Tally the lines below that hold the string "True", and report the tally by itself.
Listed entries section start
lemma cond_exp_excess: "cond_exp M t (\<lambda>v. max 0 (v - s)) = excess {t} s / type_prob t"
  by (simp add: cond_exp_def excess_def type_prob_def)

lemma cond_exp_excess_antimono:
  "x \<le> y \<Longrightarrow> cond_exp M t (\<lambda>v. max 0 (v - y)) \<le> cond_exp M t (\<lambda>v. max 0 (v - x))"
  unfolding cond_exp_excess by (intro divide_right_mono excess_antimono type_prob_nonneg)

lemma cond_exp_excess_nonneg: "0 \<le> cond_exp M t (\<lambda>v. max 0 (v - s))"
  unfolding cond_exp_excess by (intro divide_nonneg_nonneg excess_nonneg type_prob_nonneg)

lemma cond_exp_le_const_plus_excess:
  assumes bound: "\<And>v. g v \<le> a + max 0 (v - X)" and a: "0 \<le> a"
  shows "cond_exp M t g \<le> a + cond_exp M t (\<lambda>v. max 0 (v - X))"
proof (cases "0 < type_prob t \<and> integrable M (\<lambda>x. indicator {t} (fst x) * g (snd x))")
  case True
  have "type_prob t * cond_exp M t g = (\<integral>x. indicator {t} (fst x) * g (snd x) \<partial>M)"
    by (rule type_prob_mult_cond_exp)
  also have "\<dots> \<le> (\<integral>x. a * indicator {t} (fst x) + indicator {t} (fst x) * max 0 (snd x - X) \<partial>M)"
    using True bound integrable_excess[of "{t}" X] integral_fun_fst(1)[of "indicator {t}"]
    by (intro integral_mono) (auto simp: indicator_def)
  also have "\<dots> = type_prob t * (a + cond_exp M t (\<lambda>v. max 0 (v - X)))"
    using integrable_excess[of "{t}" X] integral_fun_fst(1)[of "indicator {t}"]
      type_prob_mult_cond_exp[of t "\<lambda>v. max 0 (v - X)"]
    by (simp add: integral_indicator_type algebra_simps)
  finally show ?thesis
    using True by simp
next
  case False
  have "cond_exp M t g = 0"
  proof (cases "type_prob t = 0")
    case True
    then show ?thesis by (simp add: cond_exp_def type_prob_def)
  next
    case False
    then have "\<not> integrable M (\<lambda>x. indicator {t} (fst x) * g (snd x))"
      using \<open>\<not> (0 < type_prob t \<and> _)\<close> type_prob_nonneg[of t] by simp
    then show ?thesis by (simp add: cond_exp_def not_integrable_integral_eq)
  qed
  then show ?thesis
    using a cond_exp_excess_nonneg[of t X] by simp
qed

lemma excess_type_null: "type_prob t = 0 \<Longrightarrow> excess {t} s = 0"
  unfolding excess_def by (rule integral_indicator_type_null)

lemma sum_excess_types: "(\<Sum>t\<in>UNIV. excess {t} s) = excess UNIV s"
  using integral_split_types[OF integrable_excess[of UNIV s]] by (simp add: excess_def)

lemma excess_sigF:
  assumes "0 < c"
  shows "excess UNIV (sigF M c) = c"
proof -
  have "measure M (UNIV \<times> UNIV) = 1"
    using prob_space space_eq by simp
  then have "\<exists>!s. excess UNIV s = c"
    using excess_root[OF assms] by simp
  moreover have "sigF M c = (THE s. excess UNIV s = c)"
    by (simp add: sigF_def excess_UNIV)
  ultimately show ?thesis
    using theI' by simp
qed

lemma excess_sigFc:
  assumes "0 < c" and P: "0 < type_prob t"
  shows "excess {t} (sigFc M c t) = c * type_prob t"
proof -
  have "\<exists>!s. excess {t} s = c * type_prob t"
    using assms by (intro excess_root) (simp_all add: type_prob_def)
  moreover have "sigFc M c t = (THE s. excess {t} s = c * type_prob t)"
    using P by (simp add: sigFc_def cond_exp_excess field_simps)
  ultimately show ?thesis
    using theI' by simp
qed

definition p_gain :: "real \<Rightarrow> real \<Rightarrow> real" where
  "p_gain cf s = (\<integral>x. max 0 (- cf + cond_exp M (fst x) (\<lambda>v. max 0 (v - s))) \<partial>M)"

lemma p_gain_eq_sum: "p_gain cf s = (\<Sum>t\<in>UNIV. max 0 (excess {t} s - cf * type_prob t))"
proof -
  have "max 0 (- cf + cond_exp M t (\<lambda>v. max 0 (v - s))) * type_prob t
      = max 0 (excess {t} s - cf * type_prob t)" for t
  proof (cases "type_prob t = 0")
    case True
    then show ?thesis by (simp add: excess_type_null)
  next
    case False
    then have "0 < type_prob t" using type_prob_nonneg[of t] by simp
    then have "type_prob t * max 0 (excess {t} s / type_prob t - cf)
        = max 0 (type_prob t * (excess {t} s / type_prob t - cf))"
      by (simp add: max_mult_distrib_left)
    with \<open>0 < type_prob t\<close> show ?thesis
      unfolding cond_exp_excess by (simp add: algebra_simps)
  qed
  then show ?thesis
    unfolding p_gain_def integral_fun_fst(2)[of "\<lambda>t. max 0 (- cf + cond_exp M t (\<lambda>v. max 0 (v - s)))"]
    by (simp only:)
qed

lemma p_gain_antimono: "x \<le> y \<Longrightarrow> p_gain cf y \<le> p_gain cf x"
  unfolding p_gain_eq_sum by (intro sum_mono max.mono diff_right_mono excess_antimono) simp_all

lemma continuous_on_p_gain: "continuous_on S (p_gain cf)"
proof -
  have "p_gain cf = (\<lambda>s. \<Sum>t\<in>UNIV. max 0 (excess {t} s - cf * type_prob t))"
    using p_gain_eq_sum by blast
  then show ?thesis
    by (simp add: continuous_intros continuous_on_excess)
qed

lemma p_gain_strict_antimono:
  assumes cf: "0 \<le> cf" and xy: "x < y" and pos: "0 < p_gain cf y"
  shows "p_gain cf y < p_gain cf x"
proof -
  define part where "part t s = max 0 (excess {t} s - cf * type_prob t)" for t s
  have gain: "p_gain cf s = (\<Sum>t\<in>UNIV. part t s)" for s
    by (simp add: p_gain_eq_sum part_def)
  have "\<not> (\<forall>t. part t y \<le> 0)"
    using pos sum_nonpos[of UNIV "\<lambda>t. part t y"] unfolding gain by auto
  then obtain t0 where t0: "0 < part t0 y"
    by (auto simp: not_le)
  moreover have "0 \<le> cf * type_prob t0"
    using cf type_prob_nonneg[of t0] by simp
  ultimately have "0 < excess {t0} y"
    by (simp add: part_def)
  then have "excess {t0} y < excess {t0} x"
    by (rule excess_strict_antimono[OF xy])
  then have "part t0 y < part t0 x"
    using t0 by (auto simp: part_def max_def)
  moreover have "part t y \<le> part t x" for t
    unfolding part_def using xy by (intro max.mono diff_right_mono excess_antimono) simp_all
  ultimately show ?thesis
    unfolding gain by (intro sum_strict_mono_ex1) auto
qed

lemma p_gain_sigP:
  assumes cf: "0 \<le> cf" and cp: "0 < cp"
  shows "p_gain cf (sigP M cf cp) = cp"
proof -
  have "\<not> (\<forall>t. type_prob t \<le> 0)"
    using sum_type_prob sum_nonpos[of UNIV type_prob] by auto
  then obtain t0 where t0: "0 < type_prob t0"
    by (auto simp: not_le)
  obtain a where a: "cp + cf * type_prob t0 < excess {t0} a"
    using excess_unbounded[of "{t0}"] t0 by (auto simp: type_prob_def)
  have "max 0 (excess {t0} a - cf * type_prob t0) \<le> p_gain cf a"
    unfolding p_gain_eq_sum by (rule member_le_sum) simp_all
  then have above: "cp \<le> p_gain cf a"
    using a by simp
  obtain n where n: "excess UNIV (real n) < cp"
    using order_tendstoD(2)[OF excess_tendsto_0 cp] by (auto simp: eventually_sequentially)
  have "max 0 (excess {t} (real n) - cf * type_prob t) \<le> excess {t} (real n)" for t
    using cf type_prob_nonneg[of t] excess_nonneg[of "{t}" "real n"] by simp
  then have "p_gain cf (real n) \<le> excess UNIV (real n)"
    unfolding p_gain_eq_sum sum_excess_types[symmetric] by (rule sum_mono)
  then have below: "p_gain cf (real n) \<le> cp"
    using n by simp
  have "\<exists>!s. p_gain cf s = cp"
    using continuous_on_p_gain p_gain_strict_antimono[OF cf] above below
    by (rule unique_root_of_continuous_decreasing[OF _ _ cp])
  moreover have "sigP M cf cp = (THE s. p_gain cf s = cp)"
    by (simp add: sigP_def p_gain_def)
  ultimately show ?thesis
    using theI' by simp
qed
end

section \<open>Upper bound for the optimum\<close>

lemma finite_full_prizes:
  fixes s :: "nat \<Rightarrow> 't bstate"
  shows "finite {v. \<exists>j<N. s j = Full v}"
proof (rule finite_subset)
  show "{v. \<exists>j<N. s j = Full v} \<subseteq> (\<lambda>j. case s j of Full v \<Rightarrow> v | _ \<Rightarrow> 0) ` {..<N}"
    by (auto intro!: image_eqI)
qed (rule finite_imageI, simp)

lemma best_nonneg:
  fixes s :: "nat \<Rightarrow> 't bstate"
  shows "0 \<le> best N s"
  unfolding best_def by (rule Max_ge) (auto simp: finite_full_prizes)

lemma best_update_Full:
  fixes s :: "nat \<Rightarrow> 't bstate"
  assumes "j < N" and "\<forall>w. s j \<noteq> Full w"
  shows "best N (s(j := Full v)) = max (best N s) v"
proof -
  have "{w. \<exists>k<N. (s(j := Full v)) k = Full w} = insert v {w. \<exists>k<N. s k = Full w}"
    using assms by (auto split: if_splits)
  then have "best N (s(j := Full v)) = Max (insert v (insert 0 {w. \<exists>k<N. s k = Full w}))"
    unfolding best_def by (simp add: insert_commute)
  also have "\<dots> = max v (best N s)"
    unfolding best_def by (subst Max_insert) (auto simp: finite_full_prizes)
  finally show ?thesis
    by simp
qed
Listed entries section end
● **Written reply**: 5